Не любила Анна Иоанновна и Петергофа, этой летней резиденции Петра I, где, кроме большого каменного дворца с обширным парком и фонтанами, имелись к ее услугам еще два деревенских домика в голландском вкусе: Марли и Монплезир. Унаследовав от своего деда, царя Алексее Михайловича, страсть к охотничьей потехе, она ездила в Петергоф только осенью, чтобы охотиться, для чего в тамошнем зверинце содержались всегда «ауроксы» (зубры), медведи, кабаны, олени, дикие козы и зайцы.
Для летнего пребывание Императорского Двора в Петербурге хотя и имелся уже (существующий и поныне) петровский Летний дворец в Летнем саду, на берегу Фонтанки, но по своим не большим размерам и простой обстановке он не отвечал уже требованием нового Двора; а потому там же, в Летнем саду, но лицом на Неву, был возведен "новый Летний дворец", настолько обширный, что в нем могли быть отведены особые помещение еще и для любимой племянницы государыни, принцессы мекленбургской Анны Леопольдовны, а также и для всесильного герцога Бирона.
Одним июньским утром 1739 года весь новый Летний дворец был уже на ногах, а задернутые оконные занавеси в опочивальнях принцессы Анны и ее гоффрейлины, баронессы Юлианы Менгден, все еще не раздвигались: ведь и той, и другой было всего двадцать лет, а в такие годы утром дремлется так сладко!
Но вот каменные часы в приемной баронессы пробили половину девятого. Нежившаяся еще в постели, Юлиана нехотя протянула руку к колокольчику на ночном столике и позвонила камеристке Марте, помогавшей ей одеваться, а затем убиравшей ей и голову. Четверть часа спустя молодая фрейлина сидела перед туалетным зеркалом в пудермантеле с распущенными волосами, а Марта расчесывала их опытною рукой.

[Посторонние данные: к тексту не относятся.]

(* Let $F$ be an algebraically closed field of characteristic $\neq 2$, $R=F[t]$ with the involution ${}^*$ described in the context, and let $A\in M_n(R)$ satisfy $A^*=A$ and $\gcd(A)=1$. Then there exists a column vector $v\in R^n$ such that $v^*Av=1$.
   Context: $R=F[t]$ is the polynomial ring over $F$, and ${}^*$ is the $F$-algebra involution of $R$ that is the identity on $F$ and sends $t$ to $-t$. For a matrix (or column vector) $A=(a_{ij})$ over $R$, $A^*$ is the transpose of the matrix obtained by applying ${}^*$ entrywise. $\gcd(A)$ denotes the monic generator (or $0$) of the ideal of $R$ generated by all entries of $A$. *)

theory Defs
  imports "HOL-Computational_Algebra.Computational_Algebra"
begin

definition pstar :: "'a::comm_ring_1 poly \<Rightarrow> 'a poly" where
  "pstar p = pcompose p [:0, -1:]"

text \<open>n x n matrices over R as functions nat => nat => R (indices < n), column vectors as nat => R.
  A^* = A means A i j = (A j i)^* for all i, j < n.\<close>
definition self_adjoint :: "nat \<Rightarrow> (nat \<Rightarrow> nat \<Rightarrow> 'a::comm_ring_1 poly) \<Rightarrow> bool" where
  "self_adjoint n A \<longleftrightarrow> (\<forall>i<n. \<forall>j<n. A i j = pstar (A j i))"

definition mat_gcd :: "nat \<Rightarrow> (nat \<Rightarrow> nat \<Rightarrow> 'a::field_gcd poly) \<Rightarrow> 'a poly" where
  "mat_gcd n A = Gcd {A i j | i j. i < n \<and> j < n}"

definition herm_form :: "nat \<Rightarrow> (nat \<Rightarrow> nat \<Rightarrow> 'a::comm_ring_1 poly) \<Rightarrow> (nat \<Rightarrow> 'a poly) \<Rightarrow> 'a poly" where
  "herm_form n A v = (\<Sum>i<n. \<Sum>j<n. pstar (v i) * A i j * v j)"

end

theory Submission
  imports Defs
begin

Родом Марта была эстонка из крепостных. Вынянчив маленькую баронессу в родовом имении Менгденов в Лифляндии, она, вместе с нею, переселилась и в Петербург, когда, по смерти Юлианы, родной его брат, президент петербургской коммерц-коллегии, барон Карл-Людвиг Менгден, выписал к себе племянницу для оживление своего дома. Когда же затем Юлиана, расцветшая гордой красавицей, была пожалована в гоффрейлины принцессы, — вместе с нею во дворец попала и ее верная Марта. По привилегии прежней няни, Марта и теперь еще позволяла себе в разговоре с своей госпожой касаться сокровенных ее тайн.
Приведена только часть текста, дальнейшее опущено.